The old woman told this story for many years and would readily tell anyone who cared to listen. Young boys who grew to be sailors longingly gazed at the glow on the ocean and the strange circular clouds arising from nowhere to surround the moon. Some said they heard the songs of these women while they sailed, but no one had ever really seen them.

 

One night as large cargo ship loaded with precious spices and jewels sailed past the vicinity where the island was supposedly located, something hit the ship so hard, the boat almost capsized. Large tentacles reached over the bow of the ship, grabbed some of the sailors on board, and dragged them screaming into the ocean.
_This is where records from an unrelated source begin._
lemma in_span_by_solving_row:
  fixes X b :: "'p \<Rightarrow> 'x \<Rightarrow> 'f::field" and T :: "'p \<Rightarrow> 'p \<Rightarrow> 'f"
  assumes fin: "finite P" and "\<nu> \<in> P"
    and X: "\<forall>\<alpha>. X \<nu> \<alpha> = (\<Sum>\<nu>'\<in>P. T \<nu> \<nu>' * b \<nu>' \<alpha>)"
    and "T \<nu> \<nu> \<noteq> 0"
    and others: "\<forall>\<nu>'\<in>P - {\<nu>}. T \<nu> \<nu>' \<noteq> 0 \<longrightarrow> (\<exists>c. \<forall>\<alpha>. b \<nu>' \<alpha> = (\<Sum>\<mu>\<in>P. c \<mu> * X \<mu> \<alpha>))"
  shows "\<exists>c. \<forall>\<alpha>. b \<nu> \<alpha> = (\<Sum>\<mu>\<in>P. c \<mu> * X \<mu> \<alpha>)"
proof -
  let ?Q = "{\<nu>'\<in>P - {\<nu>}. T \<nu> \<nu>' \<noteq> 0}"
  have "\<forall>\<nu>'\<in>?Q. \<exists>c. \<forall>\<alpha>. b \<nu>' \<alpha> = (\<Sum>\<mu>\<in>P. c \<mu> * X \<mu> \<alpha>)" using others by blast
  then obtain C where C: "\<forall>\<nu>'\<in>?Q. \<forall>\<alpha>. b \<nu>' \<alpha> = (\<Sum>\<mu>\<in>P. C \<nu>' \<mu> * X \<mu> \<alpha>)"
    by metis
  let ?D = "\<lambda>\<mu>. \<Sum>\<nu>'\<in>?Q. T \<nu> \<nu>' * C \<nu>' \<mu>"
  define c where "c \<mu> = ((if \<mu> = \<nu> then 1 else 0) - ?D \<mu>) / T \<nu> \<nu>" for \<mu>
  have "b \<nu> \<alpha> = (\<Sum>\<mu>\<in>P. c \<mu> * X \<mu> \<alpha>)" for \<alpha>
  proof -
    have "X \<nu> \<alpha> = T \<nu> \<nu> * b \<nu> \<alpha> + (\<Sum>\<nu>'\<in>P - {\<nu>}. T \<nu> \<nu>' * b \<nu>' \<alpha>)"
      using X sum.remove[OF fin \<open>\<nu> \<in> P\<close>] by simp
    also have "(\<Sum>\<nu>'\<in>P - {\<nu>}. T \<nu> \<nu>' * b \<nu>' \<alpha>) = (\<Sum>\<nu>'\<in>?Q. T \<nu> \<nu>' * b \<nu>' \<alpha>)"
      using fin by (intro sum.mono_neutral_right) auto
    also have "\<dots> = (\<Sum>\<nu>'\<in>?Q. \<Sum>\<mu>\<in>P. T \<nu> \<nu>' * C \<nu>' \<mu> * X \<mu> \<alpha>)"
      using C by (simp add: sum_distrib_left mult.assoc)
    also have "\<dots> = (\<Sum>\<mu>\<in>P. ?D \<mu> * X \<mu> \<alpha>)"
      by (subst sum.swap) (simp add: sum_distrib_right)
    finally have "b \<nu> \<alpha> = (X \<nu> \<alpha> - (\<Sum>\<mu>\<in>P. ?D \<mu> * X \<mu> \<alpha>)) / T \<nu> \<nu>"
      using \<open>T \<nu> \<nu> \<noteq> 0\<close> by (simp add: eq_divide_eq algebra_simps)
    also have "X \<nu> \<alpha> = (\<Sum>\<mu>\<in>P. (if \<mu> = \<nu> then 1 else 0) * X \<mu> \<alpha>)"
      using fin \<open>\<nu> \<in> P\<close> by (simp add: if_distrib[of "\<lambda>x. x * _"] cong: if_cong)
    finally show ?thesis
      unfolding c_def by (simp add: left_diff_distrib sum_subtractf flip: sum_divide_distrib)
  qed
  then show ?thesis by blast
qed

lemma triangular_in_span:
  fixes X b :: "'p \<Rightarrow> 'x \<Rightarrow> 'f::field" and T :: "'p \<Rightarrow> 'p \<Rightarrow> 'f" and r :: "'p \<Rightarrow> nat"
  assumes fin: "finite P"
    and X: "\<forall>\<mu>\<in>P. \<forall>\<alpha>. X \<mu> \<alpha> = (\<Sum>\<nu>\<in>P. T \<mu> \<nu> * b \<nu> \<alpha>)"
    and diag: "\<forall>\<mu>\<in>P. T \<mu> \<mu> \<noteq> 0"
    and tri: "\<forall>\<mu>\<in>P. \<forall>\<nu>\<in>P. T \<mu> \<nu> \<noteq> 0 \<longrightarrow> \<mu> \<noteq> \<nu> \<longrightarrow> r \<mu> < r \<nu>"
  shows "\<forall>\<nu>\<in>P. \<exists>c. \<forall>\<alpha>. b \<nu> \<alpha> = (\<Sum>\<mu>\<in>P. c \<mu> * X \<mu> \<alpha>)"
proof -
  have "\<exists>c. \<forall>\<alpha>. b \<nu> \<alpha> = (\<Sum>\<mu>\<in>P. c \<mu> * X \<mu> \<alpha>)" if "\<nu> \<in> P" "Max (r ` P) - r \<nu> = k" for \<nu> k
    using that
  proof (induction k arbitrary: \<nu> rule: less_induct)
    case (less k)
    show ?case
    proof (rule in_span_by_solving_row[OF fin less.prems(1)])
      show "\<forall>\<alpha>. X \<nu> \<alpha> = (\<Sum>\<nu>'\<in>P. T \<nu> \<nu>' * b \<nu>' \<alpha>)" "T \<nu> \<nu> \<noteq> 0"
        using X diag less.prems(1) by blast+
      show "\<forall>\<nu>'\<in>P - {\<nu>}. T \<nu> \<nu>' \<noteq> 0 \<longrightarrow> (\<exists>c. \<forall>\<alpha>. b \<nu>' \<alpha> = (\<Sum>\<mu>\<in>P. c \<mu> * X \<mu> \<alpha>))"
      proof (intro ballI impI)
        fix \<nu>' assume \<nu>': "\<nu>' \<in> P - {\<nu>}" "T \<nu> \<nu>' \<noteq> 0"
        then have "r \<nu> < r \<nu>'" using tri less.prems by auto
        moreover have "r \<nu>' \<le> Max (r ` P)" using fin \<nu>' by auto
        ultimately have "Max (r ` P) - r \<nu>' < k" using less.prems(2) by linarith
        with \<nu>' show "\<exists>c. \<forall>\<alpha>. b \<nu>' \<alpha> = (\<Sum>\<mu>\<in>P. c \<mu> * X \<mu> \<alpha>)" using less.IH by blast
      qed
    qed
  qed
  then show ?thesis by blast
qed

lemma triangular_independent:
  fixes X b :: "'p \<Rightarrow> 'x \<Rightarrow> 'f::field" and T :: "'p \<Rightarrow> 'p \<Rightarrow> 'f" and r :: "'p \<Rightarrow> nat"
  assumes fin: "finite P"
    and X: "\<forall>\<mu>\<in>P. \<forall>\<alpha>. X \<mu> \<alpha> = (\<Sum>\<nu>\<in>P. T \<mu> \<nu> * b \<nu> \<alpha>)"
    and diag: "\<forall>\<mu>\<in>P. T \<mu> \<mu> \<noteq> 0"
    and tri: "\<forall>\<mu>\<in>P. \<forall>\<nu>\<in>P. T \<mu> \<nu> \<noteq> 0 \<longrightarrow> \<mu> \<noteq> \<nu> \<longrightarrow> r \<mu> < r \<nu>"
    and indep: "\<And>e. \<forall>\<alpha>. (\<Sum>\<nu>\<in>P. e \<nu> * b \<nu> \<alpha>) = 0 \<Longrightarrow> \<forall>\<nu>\<in>P. e \<nu> = 0"
    and d: "\<forall>\<alpha>. (\<Sum>\<mu>\<in>P. d \<mu> * X \<mu> \<alpha>) = 0"
  shows "\<forall>\<mu>\<in>P. d \<mu> = 0"
proof (rule triangular_coeffs_eq_0[OF fin diag tri])
  have "(\<Sum>\<nu>\<in>P. (\<Sum>\<mu>\<in>P. d \<mu> * T \<mu> \<nu>) * b \<nu> \<alpha>) = (\<Sum>\<mu>\<in>P. d \<mu> * X \<mu> \<alpha>)" for \<alpha>
  proof -
    have "(\<Sum>\<nu>\<in>P. (\<Sum>\<mu>\<in>P. d \<mu> * T \<mu> \<nu>) * b \<nu> \<alpha>) = (\<Sum>\<nu>\<in>P. \<Sum>\<mu>\<in>P. d \<mu> * (T \<mu> \<nu> * b \<nu> \<alpha>))"
      by (simp add: sum_distrib_right mult.assoc)
    also have "\<dots> = (\<Sum>\<mu>\<in>P. d \<mu> * (\<Sum>\<nu>\<in>P. T \<mu> \<nu> * b \<nu> \<alpha>))"
      by (subst sum.swap) (simp add: sum_distrib_left)
    finally show ?thesis using X by simp
  qed
  then show "\<forall>\<nu>\<in>P. (\<Sum>\<mu>\<in>P. d \<mu> * T \<mu> \<nu>) = 0"
    using d by (intro indep) simp
qed

lemma triangular_unique_expansion:
  fixes X b :: "'p \<Rightarrow> 'x \<Rightarrow> 'f::field" and T :: "'p \<Rightarrow> 'p \<Rightarrow> 'f" and r :: "'p \<Rightarrow> nat"
  assumes fin: "finite P"
    and X: "\<forall>\<mu>\<in>P. \<forall>\<alpha>. X \<mu> \<alpha> = (\<Sum>\<nu>\<in>P. T \<mu> \<nu> * b \<nu> \<alpha>)"
    and diag: "\<forall>\<mu>\<in>P. T \<mu> \<mu> \<noteq> 0"
    and tri: "\<forall>\<mu>\<in>P. \<forall>\<nu>\<in>P. T \<mu> \<nu> \<noteq> 0 \<longrightarrow> \<mu> \<noteq> \<nu> \<longrightarrow> r \<mu> < r \<nu>"
    and indep: "\<And>e. \<forall>\<alpha>. (\<Sum>\<nu>\<in>P. e \<nu> * b \<nu> \<alpha>) = 0 \<Longrightarrow> \<forall>\<nu>\<in>P. e \<nu> = 0"
    and Y: "\<forall>\<alpha>. Y \<alpha> = (\<Sum>\<nu>\<in>P. g \<nu> * b \<nu> \<alpha>)"
  shows "\<exists>!c. (\<forall>\<mu>. \<mu> \<notin> P \<longrightarrow> c \<mu> = 0) \<and> (\<forall>\<alpha>. Y \<alpha> = (\<Sum>\<mu>\<in>P. c \<mu> * X \<mu> \<alpha>))"
proof (rule ex_ex1I)
  obtain C where C: "\<forall>\<nu>\<in>P. \<forall>\<alpha>. b \<nu> \<alpha> = (\<Sum>\<mu>\<in>P. C \<nu> \<mu> * X \<mu> \<alpha>)"
    using bchoice[OF triangular_in_span[OF fin X diag tri]] by blast
  define c where "c \<mu> = (if \<mu> \<in> P then \<Sum>\<nu>\<in>P. g \<nu> * C \<nu> \<mu> else 0)" for \<mu>
  have "Y \<alpha> = (\<Sum>\<mu>\<in>P. c \<mu> * X \<mu> \<alpha>)" for \<alpha>
  proof -
    have "Y \<alpha> = (\<Sum>\<nu>\<in>P. \<Sum>\<mu>\<in>P. g \<nu> * C \<nu> \<mu> * X \<mu> \<alpha>)"
      using Y C by (simp add: sum_distrib_left mult.assoc)
    also have "\<dots> = (\<Sum>\<mu>\<in>P. c \<mu> * X \<mu> \<alpha>)"
      unfolding c_def by (subst sum.swap) (simp add: sum_distrib_right)
    finally show ?thesis .
  qed
  moreover have "\<forall>\<mu>. \<mu> \<notin> P \<longrightarrow> c \<mu> = 0" by (simp add: c_def)
  ultimately show "\<exists>c. (\<forall>\<mu>. \<mu> \<notin> P \<longrightarrow> c \<mu> = 0) \<and> (\<forall>\<alpha>. Y \<alpha> = (\<Sum>\<mu>\<in>P. c \<mu> * X \<mu> \<alpha>))"
    by blast
next
  fix c c' assume c: "(\<forall>\<mu>. \<mu> \<notin> P \<longrightarrow> c \<mu> = 0) \<and> (\<forall>\<alpha>. Y \<alpha> = (\<Sum>\<mu>\<in>P. c \<mu> * X \<mu> \<alpha>))"
    and c': "(\<forall>\<mu>. \<mu> \<notin> P \<longrightarrow> c' \<mu> = 0) \<and> (\<forall>\<alpha>. Y \<alpha> = (\<Sum>\<mu>\<in>P. c' \<mu> * X \<mu> \<alpha>))"
  have "\<forall>\<alpha>. (\<Sum>\<mu>\<in>P. (c \<mu> - c' \<mu>) * X \<mu> \<alpha>) = 0"
    using c c' by (simp add: left_diff_distrib sum_subtractf)
  then have "\<forall>\<mu>\<in>P. c \<mu> - c' \<mu> = 0"
    using triangular_independent[OF fin X diag tri indep, where d = "\<lambda>\<mu>. c \<mu> - c' \<mu>"] by blast
  then show "c = c'" using c c' by (metis eq_iff_diff_eq_0 ext)
qed

section \<open>Weighted colourings and power sums\<close>

text \<open>With unit weights these are the colourings counted by \<open>chrom_coeff\<close>.\<close>
definition weighted_colourings :: "'b set \<Rightarrow> ('b \<Rightarrow> nat) \<Rightarrow> (nat \<Rightarrow> nat) \<Rightarrow> ('b \<Rightarrow> nat) set" where
  "weighted_colourings I w \<alpha> = {g \<in> I \<rightarrow>\<^sub>E {1..}. \<forall>i. (\<Sum>j\<in>{j\<in>I. g j = i}. w j) = \<alpha> i}"
lemma Gamma_triangle_step:
  assumes "((b, c), (u, v)) \<in> Gamma E" "(a, b) \<in> E" "(a, c) \<in> E"
  shows "((u, v), (b, a)) \<in> Gamma E \<or> ((u, v), (a, c)) \<in> Gamma E \<or>
    ((a, b), (a, u)) \<in> Gamma E \<and> ((a, c), (a, v)) \<in> Gamma E"
  using assms Gamma_refl edge_sym unfolding Gamma_def by auto

lemma impl_class_triangle:
  assumes "(a, b) \<in> E" "(a, c) \<in> E"
    and ab: "(a, b) \<notin> color_class E (b, c)" and ac: "(a, c) \<notin> color_class E (b, c)"
    and "(u, v) \<in> impl_class E (b, c)"
  shows "(a, u) \<in> impl_class E (a, b) \<and> (a, v) \<in> impl_class E (a, c)"
proof -
  have "((b, c), (u, v)) \<in> (Gamma E)\<^sup>*"
    using \<open>(u, v) \<in> impl_class E (b, c)\<close> unfolding impl_class_def by auto
  then show ?thesis
  proof (induction rule: rtrancl_induct2)
    case refl
    then show ?case using assms(1,2) impl_class_self by blast
  next
    case (step b' c' u v)
    have b': "(a, b') \<in> impl_class E (a, b)" and c': "(a, c') \<in> impl_class E (a, c)"
      using step.IH by auto
    have uv: "(u, v) \<in> impl_class E (b, c)"
      using step.hyps unfolding impl_class_def by (auto intro: rtrancl_into_trancl1)
    have side_in_class_bc: "(a, d') \<in> color_class E (b, c)"
      if "(a, d) \<in> impl_class E (a, d')" "(a, d) \<in> color_class E (b, c)" for d d'
    proof -
      have "(a, d) \<in> color_class E (a, d')" using that(1) unfolding color_class_def by blast
      then have "color_class E (b, c) = color_class E (a, d')" using that(2) by (metis color_class_eq)
      moreover have "(a, d') \<in> E" using that(1) by (rule impl_class_nonempty_imp_edge)
      ultimately show ?thesis by (simp add: color_class_self)
    qed
    from Gamma_triangle_step[of b' c' u v a] step.hyps(2) b' c' impl_class_subset
    consider "((u, v), (b', a)) \<in> Gamma E" | "((u, v), (a, c')) \<in> Gamma E"
      | "((a, b'), (a, u)) \<in> Gamma E" "((a, c'), (a, v)) \<in> Gamma E"
      by blast
    then show ?case
    proof cases
      case 1
      with uv have "(b', a) \<in> impl_class E (b, c)" by (rule impl_class_Gamma_closed)
      then have "(a, b') \<in> color_class E (b, c)" unfolding color_class_def by blast
      with b' ab side_in_class_bc show ?thesis by blast
    next
      case 2
      with uv have "(a, c') \<in> impl_class E (b, c)" by (rule impl_class_Gamma_closed)
      then have "(a, c') \<in> color_class E (b, c)" unfolding color_class_def by blast
      with c' ac side_in_class_bc show ?thesis by blast
    next
      case 3
      then show ?thesis using b' c' by (blast intro: impl_class_Gamma_closed)
    qed
  qed
qed

lemma apex_notin_span_color_class:
  assumes "(a, b) \<in> E" "(a, c) \<in> E"
    and "(a, b) \<notin> color_class E (b, c)" "(a, c) \<notin> color_class E (b, c)"
  shows "a \<notin> span_vertices (color_class E (b, c))"
proof
  assume "a \<in> span_vertices (color_class E (b, c))"
  then obtain u v where uv: "(u, v) \<in> impl_class E (b, c)" and "a = u \<or> a = v"
    unfolding span_vertices_color_class by (rule span_verticesE)
  then have "(a, a) \<in> impl_class E (a, b) \<or> (a, a) \<in> impl_class E (a, c)"
    using impl_class_triangle[OF assms uv] by blast
  then show False using impl_class_subset no_loop by blast
qed

lemma span_color_class_triangle:
  assumes "(a, b) \<in> E" "(a, c) \<in> E"
    and "(a, b) \<notin> color_class E (b, c)" "(a, c) \<notin> color_class E (b, c)"
  shows "span_vertices (color_class E (b, c))
    \<subseteq> span_vertices (color_class E (a, b)) \<union> span_vertices (color_class E (a, c))"
proof
  fix x
  assume "x \<in> span_vertices (color_class E (b, c))"
  then obtain u v where uv: "(u, v) \<in> impl_class E (b, c)" and "x = u \<or> x = v"
    unfolding span_vertices_color_class by (rule span_verticesE)
  with impl_class_triangle[OF assms uv]
  have "(a, x) \<in> impl_class E (a, b) \<or> (a, x) \<in> impl_class E (a, c)" by blast
  then show "x \<in> span_vertices (color_class E (a, b)) \<union> span_vertices (color_class E (a, c))"
    unfolding span_vertices_color_class by (auto dest: span_verticesI)
qed

end

locale graph_simplex = ugraph +
  fixes VS :: "'a set" and r :: nat
  assumes simplex: "is_simplex V E VS r"
begin

lemma simplex_edge: "a \<in> VS \<Longrightarrow> b \<in> VS \<Longrightarrow> a \<noteq> b \<Longrightarrow> (a, b) \<in> E"
  using simplex unfolding is_simplex_def simplex_edges_def by blast

lemma color_class_of_simplex_edge:
  "a \<in> VS \<Longrightarrow> b \<in> VS \<Longrightarrow> a \<noteq> b \<Longrightarrow> color_class_of E (color_class E (a, b))"
  using simplex_edge color_class_of_iff by blast

lemma color_class_subset_multiplex:
  assumes "a \<in> VS" "b \<in> VS" "a \<noteq> b"
  shows "color_class E (a, b) \<subseteq> multiplex E VS"
proof -
  have "(a, b) \<in> color_class E (a, b) \<inter> simplex_edges VS"
    using assms simplex_edge color_class_self unfolding simplex_edges_def by blast
  then show ?thesis
    using color_class_of_simplex_edge[OF assms] unfolding multiplex_def by blast
qed

lemma simplex_edge_notin_color_class:
  assumes "a \<in> VS" "b \<in> VS" "c \<in> VS" "d \<in> VS" "a \<noteq> b" "c \<noteq> d" "{a, b} \<noteq> {c, d}"
  shows "(a, b) \<notin> color_class E (c, d)"
  using simplex assms color_class_of_simplex_edge[of c d] color_class_self[of "(c, d)"] simplex_edge
  unfolding is_simplex_def simplex_edges_def by blast

lemma
  assumes "a \<in> VS" "b \<in> VS" "c \<in> VS" "distinct [a, b, c]"
  shows simplex_apex_notin_span: "a \<notin> span_vertices (color_class E (b, c))"
    and simplex_span_color_class: "span_vertices (color_class E (b, c))
      \<subseteq> span_vertices (color_class E (a, b)) \<union> span_vertices (color_class E (a, c))"
proof -
  have "(a, b) \<in> E" "(a, c) \<in> E"
    "(a, b) \<notin> color_class E (b, c)" "(a, c) \<notin> color_class E (b, c)"
    using assms simplex_edge simplex_edge_notin_color_class by (auto simp: doubleton_eq_iff)
  then show "a \<notin> span_vertices (color_class E (b, c))"
    and "span_vertices (color_class E (b, c))
      \<subseteq> span_vertices (color_class E (a, b)) \<union> span_vertices (color_class E (a, c))"
    by (rule apex_notin_span_color_class, rule span_color_class_triangle)
qed

lemma span_multiplexE:
  assumes "x \<in> span_vertices (multiplex E VS)"
  obtains p q where "p \<in> VS" "q \<in> VS" "p \<noteq> q" "x \<in> span_vertices (color_class E (p, q))"
proof -
  obtain C where C: "color_class_of E C" "C \<inter> simplex_edges VS \<noteq> {}" "x \<in> span_vertices C"
    using assms unfolding multiplex_def span_vertices_def by blast
  then obtain p q where pq: "(p, q) \<in> C" "p \<in> VS" "q \<in> VS" "p \<noteq> q"
    unfolding simplex_edges_def by auto
  from C(1) pq(1) have "C = color_class E (p, q)"
    unfolding color_class_of_iff using color_class_eq by blast
  with pq C(3) show thesis using that by blast
qed

lemma simplex_third_vertex:
  assumes "r \<ge> 2"
  obtains s where "s \<in> VS" "s \<noteq> p" "s \<noteq> q"
proof -
  have "card {p, q} < card VS"
    using assms simplex unfolding is_simplex_def by (simp add: card_insert_if)
  then have "\<not> VS \<subseteq> {p, q}"
    using card_mono[of "{p, q}" VS] by (meson finite.emptyI finite_insert leD)
  then show thesis using that by blast
qed

lemma separating_color_classes:
  assumes "p \<in> VS" "q \<in> VS" "s \<in> VS" "distinct [p, q, s]"
    and "x \<in> span_vertices (color_class E (p, q))" "x \<in> span_vertices (color_class E (p, s))"
  shows "\<exists>A B. color_class_of E A \<and> color_class_of E B \<and>
           A \<subseteq> multiplex E VS \<and> B \<subseteq> multiplex E VS \<and>
           span_vertices A - span_vertices B \<noteq> {} \<and>
           span_vertices B - span_vertices A \<noteq> {} \<and>
           x \<in> span_vertices A \<inter> span_vertices B"
proof -
  let ?A = "color_class E (p, q)" and ?B = "color_class E (p, s)"
  have "p \<noteq> q" "p \<noteq> s" using assms(4) by auto
  then have classes: "color_class_of E ?A" "color_class_of E ?B"
      "?A \<subseteq> multiplex E VS" "?B \<subseteq> multiplex E VS"
    using assms(1-3) by (simp_all add: color_class_of_simplex_edge color_class_subset_multiplex)
  have "(p, q) \<in> ?A" "(p, s) \<in> ?B"
    using \<open>p \<noteq> q\<close> \<open>p \<noteq> s\<close> assms(1-3) by (simp_all add: color_class_self simplex_edge)
  then have "q \<in> span_vertices ?A" "s \<in> span_vertices ?B"
    by (auto dest: span_verticesI)
  moreover have "q \<notin> span_vertices ?B" "s \<notin> span_vertices ?A"
    using assms(1-4) by (intro simplex_apex_notin_span; auto)+
  ultimately have
    "span_vertices ?A - span_vertices ?B \<noteq> {}" "span_vertices ?B - span_vertices ?A \<noteq> {}"
    by auto
  with classes show ?thesis
    using assms(5,6) by (intro exI[of _ ?A] exI[of _ ?B]) simp
qed

end

theorem proposition4p3:
  fixes V :: "'a set" and E :: "('a \<times> 'a) set" and VS :: "'a set" and r :: nat
  assumes "undirected_graph V E"
    and "is_simplex V E VS r"
    and "r \<ge> 2"
    and "x \<in> span_vertices (multiplex E VS)"
  shows "\<exists>A B. color_class_of E A \<and> color_class_of E B \<and>
           A \<subseteq> multiplex E VS \<and> B \<subseteq> multiplex E VS \<and>
           span_vertices A - span_vertices B \<noteq> {} \<and>
           span_vertices B - span_vertices A \<noteq> {} \<and>
           x \<in> span_vertices A \<inter> span_vertices B"
proof -
  interpret graph_simplex V E VS r
    using assms(1, 2) by unfold_locales
  obtain p q where pq: "p \<in> VS" "q \<in> VS" "p \<noteq> q"
    and x_pq: "x \<in> span_vertices (color_class E (p, q))"
    using assms(4) by (rule span_multiplexE)
  obtain s where s: "s \<in> VS" "s \<noteq> p" "s \<noteq> q"
    using assms(3) by (rule simplex_third_vertex)
  have "x \<in> span_vertices (color_class E (p, s)) \<or> x \<in> span_vertices (color_class E (q, s))"
    using simplex_span_color_class[of s p q] pq s x_pq
    unfolding color_class_commute[of p s] color_class_commute[of q s] by auto
  then show ?thesis
  proof
    assume "x \<in> span_vertices (color_class E (p, s))"
    with pq s x_pq show ?thesis by (intro separating_color_classes[of p q s]) auto
  next
    assume "x \<in> span_vertices (color_class E (q, s))"
    with pq s x_pq show ?thesis
      by (intro separating_color_classes[of q p s]) (auto simp: color_class_commute[of p q])
  qed
qed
It was then they realized a giant squid had attacked the ship.

 

It eventually dragged the entire ship into the ocean. A few men struggled to remain on the surface, but in the end all lost their battle with death.

 

The boat later resurfaced and floated aimlessly on its side, the valuable cargo now rattling worthlessly inside the hull. After a couple of months, it bumped into an island and washed ashore.